*** MATERIAL SHOWN Section Begins ***

lemma W2v_y1_top_indep:
  "map_pmf (\<lambda>\<omega>. (W2v \<omega>, y1_top \<omega>)) (src c) = pair_pmf (map_pmf W2v (src c)) (map_pmf y1_top (src c))"
proof -
  have "map_pmf (\<lambda>\<omega>. (W2v \<omega>, Y1 m n N c \<omega>)) (src c) = pair_pmf (map_pmf W2v (src c)) (map_pmf (Y1 m n N c) (src c))"
    using W2_secret unfolding MI_def
    by (subst (asm) mutual_information_pmf_eq_0_iff) (simp_all add: countable_range_src_rv finite_image_pair)
  then have "map_pmf (apsnd (map (\<lambda>v j. j \<le> k \<and> v j))) (map_pmf (\<lambda>\<omega>. (W2v \<omega>, Y1 m n N c \<omega>)) (src c)) =
      pair_pmf (map_pmf W2v (src c)) (map_pmf (map (\<lambda>v j. j \<le> k \<and> v j)) (map_pmf (Y1 m n N c) (src c)))"
    by (simp add: pair_map_pmf2)
  then show ?thesis
    by (simp add: map_pmf_comp y1_top_eq[symmetric])
qed
(* Let $m,n,s,c$ be positive integers such that $2\leq s\leq n$ and $ms=2n$. A magic rectangle set $\mathrm{MRS}(m,n;s,2;c)$ exists if and only if $s\geq 4$ is even.
   Context: A partially filled array is an array in which some cells may be empty. A magic rectangle set with empty cells $\mathrm{MRS}(m,n;s,k;c)$ is a set of $c$ partially filled $m\times n$ arrays with integer entries such that each integer of $\{1,2,\ldots,nkc\}$ appears exactly once, in exactly one of the arrays (and no other entries occur); in every array each row contains exactly $s$ filled cells and each column exactly $k$ filled cells; and there exist integers $x,y$ such that in every array each row sums to $x$ and each column sums to $y$. *)

theory Defs
  imports Main
begin

text \<open>A set of c partially filled m x n arrays is modelled as
  A :: nat \<Rightarrow> nat \<Rightarrow> nat \<Rightarrow> nat option, where A a i j is the
  entry of array a (a < c) in row i (i < m), column j (j < n); None = empty cell.\<close>

definition filled_cells :: "nat \<Rightarrow> nat \<Rightarrow> nat \<Rightarrow> (nat \<Rightarrow> nat \<Rightarrow> nat \<Rightarrow> nat option) \<Rightarrow> (nat \<times> nat \<times> nat) set" where
  "filled_cells m n c A = {(a, i, j). a < c \<and> i < m \<and> j < n \<and> A a i j \<noteq> None}"

definition cell_val :: "nat option \<Rightarrow> nat" where
  "cell_val v = (case v of None \<Rightarrow> 0 | Some x \<Rightarrow> x)"

definition is_MRS :: "nat \<Rightarrow> nat \<Rightarrow> nat \<Rightarrow> nat \<Rightarrow> nat \<Rightarrow> (nat \<Rightarrow> nat \<Rightarrow> nat \<Rightarrow> nat option) \<Rightarrow> bool" where
  "is_MRS m n s k c A \<longleftrightarrow>
     bij_betw (\<lambda>(a, i, j). the (A a i j)) (filled_cells m n c A) {1..n * k * c} \<and>
     (\<forall>a<c. \<forall>i<m. card {j. j < n \<and> A a i j \<noteq> None} = s) \<and>
     (\<forall>a<c. \<forall>j<n. card {i. i < m \<and> A a i j \<noteq> None} = k) \<and>
     (\<exists>x y. (\<forall>a<c. \<forall>i<m. (\<Sum>j<n. cell_val (A a i j)) = x) \<and>
            (\<forall>a<c. \<forall>j<n. (\<Sum>i<m. cell_val (A a i j)) = y))"

definition MRS_exists :: "nat \<Rightarrow> nat \<Rightarrow> nat \<Rightarrow> nat \<Rightarrow> nat \<Rightarrow> bool" where
  "MRS_exists m n s k c \<longleftrightarrow> (\<exists>A. is_MRS m n s k c A)"

end

theory Submission
  imports Defs
begin

(* Summing all entries of an MRS(m, n; s, k; c) in two ways gives the row sum
   x = s (nkc + 1) / 2; for k = 2 the factor 2nc + 1 is odd, so s is even.  If s = 2 then
   m = n, so row and column sums coincide.  For a filled cell (i, j), its column partner (i', j)
   and the row partner (i', j') of the latter this gives v(i, j) + v(i', j) = v(i', j) + v(i', j'),
   so two distinct cells carry the same number.

   Sufficiency for s = 2t, t >= 2, n = mt.  Split the columns of array a into m blocks of t
   and give block i the class g = a m + i.  Column p of block i carries a label v in row i and
   its complement 2nc + 1 - v in row i + 1 mod m, so all column sums agree.  Row r meets the
   labels of block r and the complements of block r - 1, so all row sums agree as soon as
   every class has the same label sum.  Such balanced labellings of the M = mc classes are
   built from layers {M p + 1, ..., M p + M}, one level per class and layer.  Pairing a layer
   with the complements of the next one adds 2Mt + 1 - M to every class.  For odd t the three
   top layers, whose complements lie close to their levels, are balanced separately. *)

section \<open>Necessary conditions\<close>

lemma sum_cell_val_filled:
  "(\<Sum>k<n. cell_val (v k)) = (\<Sum>k\<in>{k. k < n \<and> v k \<noteq> None}. the (v k))" for n :: nat
proof -
  have "(\<Sum>k<n. cell_val (v k)) = (\<Sum>k\<in>{k. k < n \<and> v k \<noteq> None}. cell_val (v k))"
    by (rule sum.mono_neutral_right) (auto simp: cell_val_def)
  also have "\<dots> = (\<Sum>k\<in>{k. k < n \<and> v k \<noteq> None}. the (v k))"
    by (rule sum.cong) (auto simp: cell_val_def)
  finally show ?thesis .
qed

*** MATERIAL SHOWN Section Ends ***

REQUIRED ACTION »
Set down each line of the material above again, exactly.

SOLUTION TO THE EXERCISE »
lemma W2v_y1_top_indep:
  "map_pmf (\<lambda>\<omega>. (W2v \<omega>, y1_top \<omega>)) (src c) = pair_pmf (map_pmf W2v (src c)) (map_pmf y1_top (src c))"
proof -
  have "map_pmf (\<lambda>\<omega>. (W2v \<omega>, Y1 m n N c \<omega>)) (src c) = pair_pmf (map_pmf W2v (src c)) (map_pmf (Y1 m n N c) (src c))"
    using W2_secret unfolding MI_def
    by (subst (asm) mutual_information_pmf_eq_0_iff) (simp_all add: countable_range_src_rv finite_image_pair)
  then have "map_pmf (apsnd (map (\<lambda>v j. j \<le> k \<and> v j))) (map_pmf (\<lambda>\<omega>. (W2v \<omega>, Y1 m n N c \<omega>)) (src c)) =
      pair_pmf (map_pmf W2v (src c)) (map_pmf (map (\<lambda>v j. j \<le> k \<and> v j)) (map_pmf (Y1 m n N c) (src c)))"
    by (simp add: pair_map_pmf2)
  then show ?thesis
    by (simp add: map_pmf_comp y1_top_eq[symmetric])
qed
(* Let $m,n,s,c$ be positive integers such that $2\leq s\leq n$ and $ms=2n$. A magic rectangle set $\mathrm{MRS}(m,n;s,2;c)$ exists if and only if $s\geq 4$ is even.
   Context: A partially filled array is an array in which some cells may be empty. A magic rectangle set with empty cells $\mathrm{MRS}(m,n;s,k;c)$ is a set of $c$ partially filled $m\times n$ arrays with integer entries such that each integer of $\{1,2,\ldots,nkc\}$ appears exactly once, in exactly one of the arrays (and no other entries occur); in every array each row contains exactly $s$ filled cells and each column exactly $k$ filled cells; and there exist integers $x,y$ such that in every array each row sums to $x$ and each column sums to $y$. *)

theory Defs
  imports Main
begin

text \<open>A set of c partially filled m x n arrays is modelled as
  A :: nat \<Rightarrow> nat \<Rightarrow> nat \<Rightarrow> nat option, where A a i j is the
  entry of array a (a < c) in row i (i < m), column j (j < n); None = empty cell.\<close>

definition filled_cells :: "nat \<Rightarrow> nat \<Rightarrow> nat \<Rightarrow> (nat \<Rightarrow> nat \<Rightarrow> nat \<Rightarrow> nat option) \<Rightarrow> (nat \<times> nat \<times> nat) set" where
  "filled_cells m n c A = {(a, i, j). a < c \<and> i < m \<and> j < n \<and> A a i j \<noteq> None}"

definition cell_val :: "nat option \<Rightarrow> nat" where
  "cell_val v = (case v of None \<Rightarrow> 0 | Some x \<Rightarrow> x)"

definition is_MRS :: "nat \<Rightarrow> nat \<Rightarrow> nat \<Rightarrow> nat \<Rightarrow> nat \<Rightarrow> (nat \<Rightarrow> nat \<Rightarrow> nat \<Rightarrow> nat option) \<Rightarrow> bool" where
  "is_MRS m n s k c A \<longleftrightarrow>
     bij_betw (\<lambda>(a, i, j). the (A a i j)) (filled_cells m n c A) {1..n * k * c} \<and>
     (\<forall>a<c. \<forall>i<m. card {j. j < n \<and> A a i j \<noteq> None} = s) \<and>
     (\<forall>a<c. \<forall>j<n. card {i. i < m \<and> A a i j \<noteq> None} = k) \<and>
     (\<exists>x y. (\<forall>a<c. \<forall>i<m. (\<Sum>j<n. cell_val (A a i j)) = x) \<and>
            (\<forall>a<c. \<forall>j<n. (\<Sum>i<m. cell_val (A a i j)) = y))"

definition MRS_exists :: "nat \<Rightarrow> nat \<Rightarrow> nat \<Rightarrow> nat \<Rightarrow> nat \<Rightarrow> bool" where
  "MRS_exists m n s k c \<longleftrightarrow> (\<exists>A. is_MRS m n s k c A)"

end

theory Submission
  imports Defs
begin

(* Summing all entries of an MRS(m, n; s, k; c) in two ways gives the row sum
   x = s (nkc + 1) / 2; for k = 2 the factor 2nc + 1 is odd, so s is even.  If s = 2 then
   m = n, so row and column sums coincide.  For a filled cell (i, j), its column partner (i', j)
   and the row partner (i', j') of the latter this gives v(i, j) + v(i', j) = v(i', j) + v(i', j'),
   so two distinct cells carry the same number.

   Sufficiency for s = 2t, t >= 2, n = mt.  Split the columns of array a into m blocks of t
   and give block i the class g = a m + i.  Column p of block i carries a label v in row i and
   its complement 2nc + 1 - v in row i + 1 mod m, so all column sums agree.  Row r meets the
   labels of block r and the complements of block r - 1, so all row sums agree as soon as
   every class has the same label sum.  Such balanced labellings of the M = mc classes are
   built from layers {M p + 1, ..., M p + M}, one level per class and layer.  Pairing a layer
   with the complements of the next one adds 2Mt + 1 - M to every class.  For odd t the three
   top layers, whose complements lie close to their levels, are balanced separately. *)

section \<open>Necessary conditions\<close>

lemma sum_cell_val_filled:
  "(\<Sum>k<n. cell_val (v k)) = (\<Sum>k\<in>{k. k < n \<and> v k \<noteq> None}. the (v k))" for n :: nat
proof -
  have "(\<Sum>k<n. cell_val (v k)) = (\<Sum>k\<in>{k. k < n \<and> v k \<noteq> None}. cell_val (v k))"
    by (rule sum.mono_neutral_right) (auto simp: cell_val_def)
  also have "\<dots> = (\<Sum>k\<in>{k. k < n \<and> v k \<noteq> None}. the (v k))"
    by (rule sum.cong) (auto simp: cell_val_def)
  finally show ?thesis .
qed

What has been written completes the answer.